--- DATA Enclosed Below ---

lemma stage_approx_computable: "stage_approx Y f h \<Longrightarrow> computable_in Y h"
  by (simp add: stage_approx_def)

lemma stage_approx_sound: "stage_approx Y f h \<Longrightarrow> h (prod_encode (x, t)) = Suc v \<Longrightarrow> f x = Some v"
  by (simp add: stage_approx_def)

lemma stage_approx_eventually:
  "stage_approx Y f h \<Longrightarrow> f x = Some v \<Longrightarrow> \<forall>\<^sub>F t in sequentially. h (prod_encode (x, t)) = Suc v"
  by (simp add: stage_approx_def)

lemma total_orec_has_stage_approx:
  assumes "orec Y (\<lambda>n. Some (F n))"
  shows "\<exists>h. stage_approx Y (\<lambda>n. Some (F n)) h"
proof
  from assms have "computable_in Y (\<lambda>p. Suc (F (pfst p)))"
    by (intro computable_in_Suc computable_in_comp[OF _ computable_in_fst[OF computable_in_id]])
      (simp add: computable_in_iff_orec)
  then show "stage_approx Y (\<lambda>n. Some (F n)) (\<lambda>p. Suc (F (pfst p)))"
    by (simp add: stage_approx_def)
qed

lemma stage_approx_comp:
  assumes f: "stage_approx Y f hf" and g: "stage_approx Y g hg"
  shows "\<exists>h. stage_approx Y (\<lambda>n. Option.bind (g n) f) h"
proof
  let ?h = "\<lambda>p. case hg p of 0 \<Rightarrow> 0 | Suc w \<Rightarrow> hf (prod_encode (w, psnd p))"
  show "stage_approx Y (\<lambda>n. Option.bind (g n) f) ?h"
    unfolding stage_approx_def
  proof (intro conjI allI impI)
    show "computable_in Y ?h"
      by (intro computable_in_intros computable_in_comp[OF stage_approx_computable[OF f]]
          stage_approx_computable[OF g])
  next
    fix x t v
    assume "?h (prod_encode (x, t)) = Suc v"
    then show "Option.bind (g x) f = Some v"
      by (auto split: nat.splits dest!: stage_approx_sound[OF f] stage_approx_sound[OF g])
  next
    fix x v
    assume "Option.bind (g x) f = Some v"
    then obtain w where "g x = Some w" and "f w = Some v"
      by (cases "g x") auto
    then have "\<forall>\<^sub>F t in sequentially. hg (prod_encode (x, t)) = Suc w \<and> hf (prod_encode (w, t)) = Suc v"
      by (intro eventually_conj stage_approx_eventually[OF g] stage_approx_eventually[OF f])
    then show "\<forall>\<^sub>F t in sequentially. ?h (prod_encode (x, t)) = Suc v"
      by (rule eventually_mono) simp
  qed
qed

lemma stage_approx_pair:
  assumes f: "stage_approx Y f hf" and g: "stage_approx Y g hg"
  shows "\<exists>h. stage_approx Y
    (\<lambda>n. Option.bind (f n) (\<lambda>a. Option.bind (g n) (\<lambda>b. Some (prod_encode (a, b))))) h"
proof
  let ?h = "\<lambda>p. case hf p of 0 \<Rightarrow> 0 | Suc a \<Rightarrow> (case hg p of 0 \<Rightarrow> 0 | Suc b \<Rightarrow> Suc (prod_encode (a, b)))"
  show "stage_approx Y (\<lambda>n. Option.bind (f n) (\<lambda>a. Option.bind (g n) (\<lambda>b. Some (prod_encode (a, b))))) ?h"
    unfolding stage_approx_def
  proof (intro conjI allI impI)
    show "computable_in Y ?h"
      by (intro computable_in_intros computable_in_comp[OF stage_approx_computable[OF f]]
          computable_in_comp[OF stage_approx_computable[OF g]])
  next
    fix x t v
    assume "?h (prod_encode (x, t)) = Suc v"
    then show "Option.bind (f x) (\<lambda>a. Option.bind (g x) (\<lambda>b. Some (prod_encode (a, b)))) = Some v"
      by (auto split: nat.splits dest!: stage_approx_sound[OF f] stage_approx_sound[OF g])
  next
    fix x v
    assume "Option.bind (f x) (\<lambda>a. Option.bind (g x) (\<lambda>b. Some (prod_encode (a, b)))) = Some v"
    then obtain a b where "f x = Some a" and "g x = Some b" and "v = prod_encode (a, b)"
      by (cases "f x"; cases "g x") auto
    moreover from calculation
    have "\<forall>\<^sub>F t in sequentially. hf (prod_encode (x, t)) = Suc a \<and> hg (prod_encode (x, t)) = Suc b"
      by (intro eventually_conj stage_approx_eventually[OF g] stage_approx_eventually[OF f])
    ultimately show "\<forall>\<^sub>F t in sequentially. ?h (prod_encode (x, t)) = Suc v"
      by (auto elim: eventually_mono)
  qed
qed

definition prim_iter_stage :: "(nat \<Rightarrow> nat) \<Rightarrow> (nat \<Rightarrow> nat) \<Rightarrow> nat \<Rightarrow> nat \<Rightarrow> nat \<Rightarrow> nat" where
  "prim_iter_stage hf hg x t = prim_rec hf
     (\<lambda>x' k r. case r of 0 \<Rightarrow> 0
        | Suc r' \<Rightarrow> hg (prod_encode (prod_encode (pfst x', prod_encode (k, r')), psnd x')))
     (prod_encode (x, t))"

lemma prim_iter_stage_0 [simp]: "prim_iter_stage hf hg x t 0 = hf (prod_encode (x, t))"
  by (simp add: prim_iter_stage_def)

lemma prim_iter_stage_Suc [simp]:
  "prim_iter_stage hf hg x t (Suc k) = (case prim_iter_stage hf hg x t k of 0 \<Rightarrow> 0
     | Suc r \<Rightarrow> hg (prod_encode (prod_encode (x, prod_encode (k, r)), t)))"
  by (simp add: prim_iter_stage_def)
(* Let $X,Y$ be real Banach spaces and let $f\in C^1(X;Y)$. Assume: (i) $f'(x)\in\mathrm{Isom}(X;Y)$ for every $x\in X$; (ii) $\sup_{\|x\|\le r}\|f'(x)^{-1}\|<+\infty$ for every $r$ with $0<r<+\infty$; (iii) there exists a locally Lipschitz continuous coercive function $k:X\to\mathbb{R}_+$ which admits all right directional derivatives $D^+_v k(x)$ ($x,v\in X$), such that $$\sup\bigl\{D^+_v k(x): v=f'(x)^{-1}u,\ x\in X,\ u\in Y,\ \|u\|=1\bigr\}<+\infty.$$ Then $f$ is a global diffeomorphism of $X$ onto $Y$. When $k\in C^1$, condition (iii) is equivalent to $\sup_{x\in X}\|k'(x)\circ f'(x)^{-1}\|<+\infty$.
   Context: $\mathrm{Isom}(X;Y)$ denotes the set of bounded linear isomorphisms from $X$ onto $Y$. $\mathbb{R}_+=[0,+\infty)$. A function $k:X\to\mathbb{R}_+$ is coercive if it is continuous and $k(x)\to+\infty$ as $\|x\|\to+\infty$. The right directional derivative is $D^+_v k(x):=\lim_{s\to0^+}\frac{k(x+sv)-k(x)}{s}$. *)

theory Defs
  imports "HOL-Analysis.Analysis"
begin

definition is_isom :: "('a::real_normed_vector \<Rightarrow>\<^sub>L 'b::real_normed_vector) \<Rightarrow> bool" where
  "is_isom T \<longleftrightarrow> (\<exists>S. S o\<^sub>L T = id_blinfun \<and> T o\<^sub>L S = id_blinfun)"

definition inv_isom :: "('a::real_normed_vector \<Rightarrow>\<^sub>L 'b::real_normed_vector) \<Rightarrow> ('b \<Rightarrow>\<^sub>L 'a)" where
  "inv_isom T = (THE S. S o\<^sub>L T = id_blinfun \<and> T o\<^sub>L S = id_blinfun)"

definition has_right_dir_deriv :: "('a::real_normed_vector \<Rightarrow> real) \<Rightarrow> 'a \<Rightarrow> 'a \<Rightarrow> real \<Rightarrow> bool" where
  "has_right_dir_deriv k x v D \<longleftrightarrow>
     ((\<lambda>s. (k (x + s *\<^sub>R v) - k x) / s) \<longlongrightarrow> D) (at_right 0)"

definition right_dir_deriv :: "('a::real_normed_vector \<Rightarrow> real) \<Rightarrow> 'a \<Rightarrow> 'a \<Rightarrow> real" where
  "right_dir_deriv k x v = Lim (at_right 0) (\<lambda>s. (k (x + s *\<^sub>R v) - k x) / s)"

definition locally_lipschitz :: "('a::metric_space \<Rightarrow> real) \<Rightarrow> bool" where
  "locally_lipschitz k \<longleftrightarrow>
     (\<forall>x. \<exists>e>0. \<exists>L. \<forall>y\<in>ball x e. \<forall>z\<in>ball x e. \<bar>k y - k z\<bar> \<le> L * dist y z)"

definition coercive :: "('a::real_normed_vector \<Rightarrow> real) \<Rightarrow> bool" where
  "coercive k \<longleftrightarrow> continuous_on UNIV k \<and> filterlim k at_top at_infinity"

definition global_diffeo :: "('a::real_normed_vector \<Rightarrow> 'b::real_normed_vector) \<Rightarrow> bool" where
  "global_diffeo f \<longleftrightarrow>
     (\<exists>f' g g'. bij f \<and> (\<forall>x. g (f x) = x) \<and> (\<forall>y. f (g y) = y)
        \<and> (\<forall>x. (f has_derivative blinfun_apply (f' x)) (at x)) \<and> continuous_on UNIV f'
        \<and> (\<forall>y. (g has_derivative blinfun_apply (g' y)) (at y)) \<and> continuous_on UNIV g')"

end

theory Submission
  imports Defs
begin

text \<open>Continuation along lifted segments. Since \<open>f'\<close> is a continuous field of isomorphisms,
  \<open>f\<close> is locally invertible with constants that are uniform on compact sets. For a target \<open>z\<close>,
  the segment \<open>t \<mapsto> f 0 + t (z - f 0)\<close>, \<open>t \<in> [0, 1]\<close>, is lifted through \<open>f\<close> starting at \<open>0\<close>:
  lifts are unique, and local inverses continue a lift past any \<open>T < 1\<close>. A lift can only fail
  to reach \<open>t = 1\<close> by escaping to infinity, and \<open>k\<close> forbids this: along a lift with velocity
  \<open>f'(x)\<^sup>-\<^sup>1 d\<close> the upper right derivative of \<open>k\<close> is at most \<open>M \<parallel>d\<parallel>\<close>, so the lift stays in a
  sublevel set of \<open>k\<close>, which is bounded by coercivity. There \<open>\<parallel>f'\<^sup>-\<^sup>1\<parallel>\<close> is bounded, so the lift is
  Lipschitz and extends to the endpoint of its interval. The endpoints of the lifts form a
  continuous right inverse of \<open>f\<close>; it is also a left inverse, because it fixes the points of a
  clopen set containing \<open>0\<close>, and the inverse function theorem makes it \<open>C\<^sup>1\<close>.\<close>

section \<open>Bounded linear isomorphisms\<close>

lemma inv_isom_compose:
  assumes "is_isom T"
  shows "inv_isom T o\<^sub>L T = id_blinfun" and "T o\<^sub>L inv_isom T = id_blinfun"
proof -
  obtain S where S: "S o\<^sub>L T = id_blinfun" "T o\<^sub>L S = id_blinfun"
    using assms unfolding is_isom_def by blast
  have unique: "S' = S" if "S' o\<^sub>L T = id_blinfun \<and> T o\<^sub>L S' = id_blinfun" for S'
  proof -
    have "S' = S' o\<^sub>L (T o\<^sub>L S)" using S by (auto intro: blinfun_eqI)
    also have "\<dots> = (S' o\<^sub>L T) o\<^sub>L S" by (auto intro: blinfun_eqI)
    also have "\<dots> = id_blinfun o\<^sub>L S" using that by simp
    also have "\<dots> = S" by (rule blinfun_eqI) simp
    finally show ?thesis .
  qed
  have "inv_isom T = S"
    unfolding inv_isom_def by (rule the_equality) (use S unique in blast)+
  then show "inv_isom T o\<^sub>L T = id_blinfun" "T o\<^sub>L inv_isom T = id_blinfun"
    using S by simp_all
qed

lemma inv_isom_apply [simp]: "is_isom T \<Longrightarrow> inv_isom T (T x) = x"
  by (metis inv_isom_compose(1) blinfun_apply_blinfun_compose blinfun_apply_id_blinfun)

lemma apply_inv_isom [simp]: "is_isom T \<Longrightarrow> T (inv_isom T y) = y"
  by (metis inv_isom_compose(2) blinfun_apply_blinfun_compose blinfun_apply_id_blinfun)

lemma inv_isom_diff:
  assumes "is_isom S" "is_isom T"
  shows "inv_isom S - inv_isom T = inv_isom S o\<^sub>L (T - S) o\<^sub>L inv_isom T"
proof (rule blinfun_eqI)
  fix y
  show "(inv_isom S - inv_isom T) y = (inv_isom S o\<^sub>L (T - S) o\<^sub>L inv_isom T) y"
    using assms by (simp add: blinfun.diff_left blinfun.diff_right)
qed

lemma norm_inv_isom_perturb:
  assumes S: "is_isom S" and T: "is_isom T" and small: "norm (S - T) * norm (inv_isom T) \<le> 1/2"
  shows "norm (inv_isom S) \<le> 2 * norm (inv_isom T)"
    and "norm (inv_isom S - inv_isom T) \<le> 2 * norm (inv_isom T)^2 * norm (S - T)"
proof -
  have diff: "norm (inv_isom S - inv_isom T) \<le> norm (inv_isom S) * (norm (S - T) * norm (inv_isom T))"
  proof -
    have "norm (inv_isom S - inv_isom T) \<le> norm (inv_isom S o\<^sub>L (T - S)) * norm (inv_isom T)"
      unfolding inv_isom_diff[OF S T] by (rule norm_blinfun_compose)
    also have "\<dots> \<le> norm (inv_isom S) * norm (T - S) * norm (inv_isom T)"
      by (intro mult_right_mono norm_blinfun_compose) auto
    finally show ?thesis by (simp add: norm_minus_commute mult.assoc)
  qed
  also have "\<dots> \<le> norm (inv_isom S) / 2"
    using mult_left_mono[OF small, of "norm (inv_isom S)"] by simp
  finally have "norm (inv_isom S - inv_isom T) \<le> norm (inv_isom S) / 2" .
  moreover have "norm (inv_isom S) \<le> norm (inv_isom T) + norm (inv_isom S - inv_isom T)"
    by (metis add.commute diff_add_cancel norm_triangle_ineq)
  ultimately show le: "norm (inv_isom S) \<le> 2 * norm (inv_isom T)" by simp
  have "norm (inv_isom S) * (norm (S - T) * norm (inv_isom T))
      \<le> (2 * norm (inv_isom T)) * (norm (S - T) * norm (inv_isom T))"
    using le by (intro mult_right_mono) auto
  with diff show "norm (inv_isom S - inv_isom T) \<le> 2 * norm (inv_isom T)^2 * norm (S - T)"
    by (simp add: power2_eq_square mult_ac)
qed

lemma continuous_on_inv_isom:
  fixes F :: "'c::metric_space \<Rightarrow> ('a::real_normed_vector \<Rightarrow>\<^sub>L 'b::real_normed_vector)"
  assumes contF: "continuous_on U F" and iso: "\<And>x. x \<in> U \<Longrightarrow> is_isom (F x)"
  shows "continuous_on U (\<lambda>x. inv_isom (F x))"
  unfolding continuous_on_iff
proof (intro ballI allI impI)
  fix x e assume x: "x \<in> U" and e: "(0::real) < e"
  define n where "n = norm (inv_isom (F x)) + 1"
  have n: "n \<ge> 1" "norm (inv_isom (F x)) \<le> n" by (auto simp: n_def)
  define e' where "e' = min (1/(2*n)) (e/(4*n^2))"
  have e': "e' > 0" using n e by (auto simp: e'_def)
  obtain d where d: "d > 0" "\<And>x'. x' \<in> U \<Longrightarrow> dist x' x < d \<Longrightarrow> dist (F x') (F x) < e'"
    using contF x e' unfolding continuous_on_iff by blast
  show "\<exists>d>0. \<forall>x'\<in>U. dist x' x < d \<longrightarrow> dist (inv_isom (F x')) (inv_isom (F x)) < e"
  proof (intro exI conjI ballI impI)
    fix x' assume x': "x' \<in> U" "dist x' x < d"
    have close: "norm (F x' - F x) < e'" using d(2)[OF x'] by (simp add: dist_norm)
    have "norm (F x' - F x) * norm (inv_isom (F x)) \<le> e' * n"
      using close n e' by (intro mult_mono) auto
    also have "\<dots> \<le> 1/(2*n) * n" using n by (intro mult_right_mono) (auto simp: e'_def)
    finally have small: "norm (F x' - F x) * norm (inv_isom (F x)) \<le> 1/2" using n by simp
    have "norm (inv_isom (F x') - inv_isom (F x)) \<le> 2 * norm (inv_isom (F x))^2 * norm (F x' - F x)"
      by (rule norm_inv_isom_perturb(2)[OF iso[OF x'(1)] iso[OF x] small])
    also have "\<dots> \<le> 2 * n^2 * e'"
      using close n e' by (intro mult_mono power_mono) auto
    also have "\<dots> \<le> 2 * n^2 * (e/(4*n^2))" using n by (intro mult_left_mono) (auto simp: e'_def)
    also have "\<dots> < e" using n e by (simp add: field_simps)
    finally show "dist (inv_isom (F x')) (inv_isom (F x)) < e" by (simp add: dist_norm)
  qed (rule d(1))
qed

--- End of Enclosed DATA ---

EXERCISE DESCRIPTION: List every line from the entries above in which "unfolding" appears.

RESPONSE TO THIS EXERCISE:
    unfolding stage_approx_def
    unfolding stage_approx_def
    using assms unfolding is_isom_def by blast
    unfolding inv_isom_def by (rule the_equality) (use S unique in blast)+
      unfolding inv_isom_diff[OF S T] by (rule norm_blinfun_compose)
  unfolding continuous_on_iff
    using contF x e' unfolding continuous_on_iff by blast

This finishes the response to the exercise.